**THE PROBLEM:**
Read the records beneath this task and copy every line that contains the string "ultimately".

**DATA PROVIDED:**

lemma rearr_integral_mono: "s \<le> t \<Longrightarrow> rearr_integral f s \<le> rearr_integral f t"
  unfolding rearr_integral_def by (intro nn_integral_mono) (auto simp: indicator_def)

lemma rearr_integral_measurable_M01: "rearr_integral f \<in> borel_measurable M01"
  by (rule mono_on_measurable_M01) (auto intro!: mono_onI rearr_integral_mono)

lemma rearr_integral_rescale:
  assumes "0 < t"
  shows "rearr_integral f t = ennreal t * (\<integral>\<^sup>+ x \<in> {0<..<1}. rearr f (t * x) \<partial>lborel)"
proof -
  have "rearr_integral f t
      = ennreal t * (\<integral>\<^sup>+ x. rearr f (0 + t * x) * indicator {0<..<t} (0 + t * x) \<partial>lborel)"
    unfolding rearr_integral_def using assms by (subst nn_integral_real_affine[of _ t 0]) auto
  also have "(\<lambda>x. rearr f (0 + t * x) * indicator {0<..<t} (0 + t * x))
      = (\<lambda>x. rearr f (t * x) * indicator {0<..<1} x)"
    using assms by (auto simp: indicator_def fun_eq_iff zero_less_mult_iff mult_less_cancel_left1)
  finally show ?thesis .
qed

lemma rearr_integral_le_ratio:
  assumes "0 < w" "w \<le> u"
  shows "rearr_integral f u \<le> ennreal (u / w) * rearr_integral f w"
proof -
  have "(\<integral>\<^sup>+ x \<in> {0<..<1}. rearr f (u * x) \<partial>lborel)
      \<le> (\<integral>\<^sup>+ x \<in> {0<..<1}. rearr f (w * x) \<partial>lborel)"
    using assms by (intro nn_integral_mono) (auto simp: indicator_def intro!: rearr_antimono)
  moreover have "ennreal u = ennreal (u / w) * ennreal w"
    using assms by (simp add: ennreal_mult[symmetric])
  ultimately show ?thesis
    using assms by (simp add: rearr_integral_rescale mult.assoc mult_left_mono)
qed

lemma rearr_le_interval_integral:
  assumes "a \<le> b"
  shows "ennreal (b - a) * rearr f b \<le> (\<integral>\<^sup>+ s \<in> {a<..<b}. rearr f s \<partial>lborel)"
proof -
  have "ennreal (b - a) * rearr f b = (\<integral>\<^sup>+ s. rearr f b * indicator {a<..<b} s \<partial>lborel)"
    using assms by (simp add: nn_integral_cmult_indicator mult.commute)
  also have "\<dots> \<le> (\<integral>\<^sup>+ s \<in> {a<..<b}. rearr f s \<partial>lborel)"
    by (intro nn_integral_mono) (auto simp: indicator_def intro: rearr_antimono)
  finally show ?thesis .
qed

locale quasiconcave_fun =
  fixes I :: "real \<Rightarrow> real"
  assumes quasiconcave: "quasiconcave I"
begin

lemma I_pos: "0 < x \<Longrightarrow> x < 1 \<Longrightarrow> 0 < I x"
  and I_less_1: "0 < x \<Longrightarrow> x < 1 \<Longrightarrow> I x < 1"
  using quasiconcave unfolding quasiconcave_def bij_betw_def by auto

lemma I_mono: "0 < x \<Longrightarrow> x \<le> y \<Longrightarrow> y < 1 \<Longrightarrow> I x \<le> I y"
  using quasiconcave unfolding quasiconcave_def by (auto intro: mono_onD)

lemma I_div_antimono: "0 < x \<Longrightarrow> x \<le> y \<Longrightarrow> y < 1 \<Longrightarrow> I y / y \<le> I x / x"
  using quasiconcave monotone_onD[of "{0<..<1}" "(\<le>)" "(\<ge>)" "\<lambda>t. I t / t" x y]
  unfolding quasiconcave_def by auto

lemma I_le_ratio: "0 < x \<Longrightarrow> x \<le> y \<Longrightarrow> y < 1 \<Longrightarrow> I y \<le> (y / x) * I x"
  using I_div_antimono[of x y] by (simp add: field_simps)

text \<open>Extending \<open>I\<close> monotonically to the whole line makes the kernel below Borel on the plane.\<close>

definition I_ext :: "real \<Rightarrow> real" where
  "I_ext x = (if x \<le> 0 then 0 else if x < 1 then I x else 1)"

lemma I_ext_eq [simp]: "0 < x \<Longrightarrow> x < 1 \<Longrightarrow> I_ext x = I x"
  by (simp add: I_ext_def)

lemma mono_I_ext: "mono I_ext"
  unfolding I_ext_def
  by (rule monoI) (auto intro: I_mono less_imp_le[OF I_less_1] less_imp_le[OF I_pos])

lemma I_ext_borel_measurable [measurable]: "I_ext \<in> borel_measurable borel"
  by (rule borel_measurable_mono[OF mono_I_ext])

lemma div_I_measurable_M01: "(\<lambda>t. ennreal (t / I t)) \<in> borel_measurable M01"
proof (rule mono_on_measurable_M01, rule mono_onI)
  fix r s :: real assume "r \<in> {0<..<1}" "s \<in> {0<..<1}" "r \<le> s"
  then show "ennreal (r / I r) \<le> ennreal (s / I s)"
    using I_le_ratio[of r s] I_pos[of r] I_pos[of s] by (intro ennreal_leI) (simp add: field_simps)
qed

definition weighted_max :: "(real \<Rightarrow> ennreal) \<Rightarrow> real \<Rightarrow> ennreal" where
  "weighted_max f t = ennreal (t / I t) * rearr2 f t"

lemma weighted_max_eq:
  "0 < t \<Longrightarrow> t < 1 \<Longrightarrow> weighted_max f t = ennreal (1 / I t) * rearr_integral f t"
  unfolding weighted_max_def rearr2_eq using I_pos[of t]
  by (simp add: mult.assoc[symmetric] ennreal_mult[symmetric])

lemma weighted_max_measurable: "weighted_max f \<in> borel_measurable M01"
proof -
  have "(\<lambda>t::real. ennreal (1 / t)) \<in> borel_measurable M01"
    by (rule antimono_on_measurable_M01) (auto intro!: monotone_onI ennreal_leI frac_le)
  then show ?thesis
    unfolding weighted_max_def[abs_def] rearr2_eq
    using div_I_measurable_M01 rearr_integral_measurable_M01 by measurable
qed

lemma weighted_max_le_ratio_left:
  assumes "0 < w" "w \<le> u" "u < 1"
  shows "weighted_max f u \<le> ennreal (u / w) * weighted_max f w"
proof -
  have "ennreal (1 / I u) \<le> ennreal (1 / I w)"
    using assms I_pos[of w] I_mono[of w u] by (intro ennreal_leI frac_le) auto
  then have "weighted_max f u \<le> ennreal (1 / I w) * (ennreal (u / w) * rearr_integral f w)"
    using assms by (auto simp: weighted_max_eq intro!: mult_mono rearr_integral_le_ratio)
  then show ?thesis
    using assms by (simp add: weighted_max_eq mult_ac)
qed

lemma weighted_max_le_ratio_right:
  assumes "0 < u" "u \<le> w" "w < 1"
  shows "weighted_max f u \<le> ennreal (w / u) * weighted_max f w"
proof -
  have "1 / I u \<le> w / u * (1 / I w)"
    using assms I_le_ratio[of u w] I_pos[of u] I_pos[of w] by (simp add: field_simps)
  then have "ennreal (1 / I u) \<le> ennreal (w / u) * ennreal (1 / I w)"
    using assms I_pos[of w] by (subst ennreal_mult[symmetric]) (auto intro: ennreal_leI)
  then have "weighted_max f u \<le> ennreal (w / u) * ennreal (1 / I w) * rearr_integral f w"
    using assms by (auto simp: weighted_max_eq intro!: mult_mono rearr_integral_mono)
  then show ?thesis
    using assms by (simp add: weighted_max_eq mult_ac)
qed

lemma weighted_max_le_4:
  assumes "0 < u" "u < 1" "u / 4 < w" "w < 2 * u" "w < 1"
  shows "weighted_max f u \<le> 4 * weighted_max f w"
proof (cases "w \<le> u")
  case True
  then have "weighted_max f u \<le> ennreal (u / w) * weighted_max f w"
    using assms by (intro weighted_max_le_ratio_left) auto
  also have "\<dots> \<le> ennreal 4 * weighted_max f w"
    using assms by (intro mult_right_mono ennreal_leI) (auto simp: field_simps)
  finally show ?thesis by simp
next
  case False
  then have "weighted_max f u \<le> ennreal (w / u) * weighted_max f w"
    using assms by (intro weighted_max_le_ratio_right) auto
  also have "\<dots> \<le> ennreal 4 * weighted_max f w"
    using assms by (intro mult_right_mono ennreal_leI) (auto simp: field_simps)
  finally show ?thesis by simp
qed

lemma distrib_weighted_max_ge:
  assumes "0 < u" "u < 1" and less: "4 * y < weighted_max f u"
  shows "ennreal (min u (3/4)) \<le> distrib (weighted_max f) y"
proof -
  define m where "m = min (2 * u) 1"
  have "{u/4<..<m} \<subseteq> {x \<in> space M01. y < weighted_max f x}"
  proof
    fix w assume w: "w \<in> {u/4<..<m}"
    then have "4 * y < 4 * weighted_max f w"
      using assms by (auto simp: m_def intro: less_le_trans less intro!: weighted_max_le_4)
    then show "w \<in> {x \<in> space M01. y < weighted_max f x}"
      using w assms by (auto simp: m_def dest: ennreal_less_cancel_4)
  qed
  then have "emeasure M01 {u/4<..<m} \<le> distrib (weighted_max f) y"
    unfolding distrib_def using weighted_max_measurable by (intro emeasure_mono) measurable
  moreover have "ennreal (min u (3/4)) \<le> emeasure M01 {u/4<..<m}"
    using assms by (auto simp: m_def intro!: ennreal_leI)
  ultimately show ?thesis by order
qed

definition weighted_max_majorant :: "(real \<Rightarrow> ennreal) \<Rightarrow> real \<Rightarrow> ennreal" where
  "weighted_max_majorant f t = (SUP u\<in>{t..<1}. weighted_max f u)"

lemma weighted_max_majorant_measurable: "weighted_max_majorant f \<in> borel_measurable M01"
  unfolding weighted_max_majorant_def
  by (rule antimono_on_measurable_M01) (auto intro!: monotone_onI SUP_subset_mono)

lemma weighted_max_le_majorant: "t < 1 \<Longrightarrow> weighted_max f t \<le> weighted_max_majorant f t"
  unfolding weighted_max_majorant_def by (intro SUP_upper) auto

**ANSWER:**
  ultimately show ?thesis
  ultimately show ?thesis by order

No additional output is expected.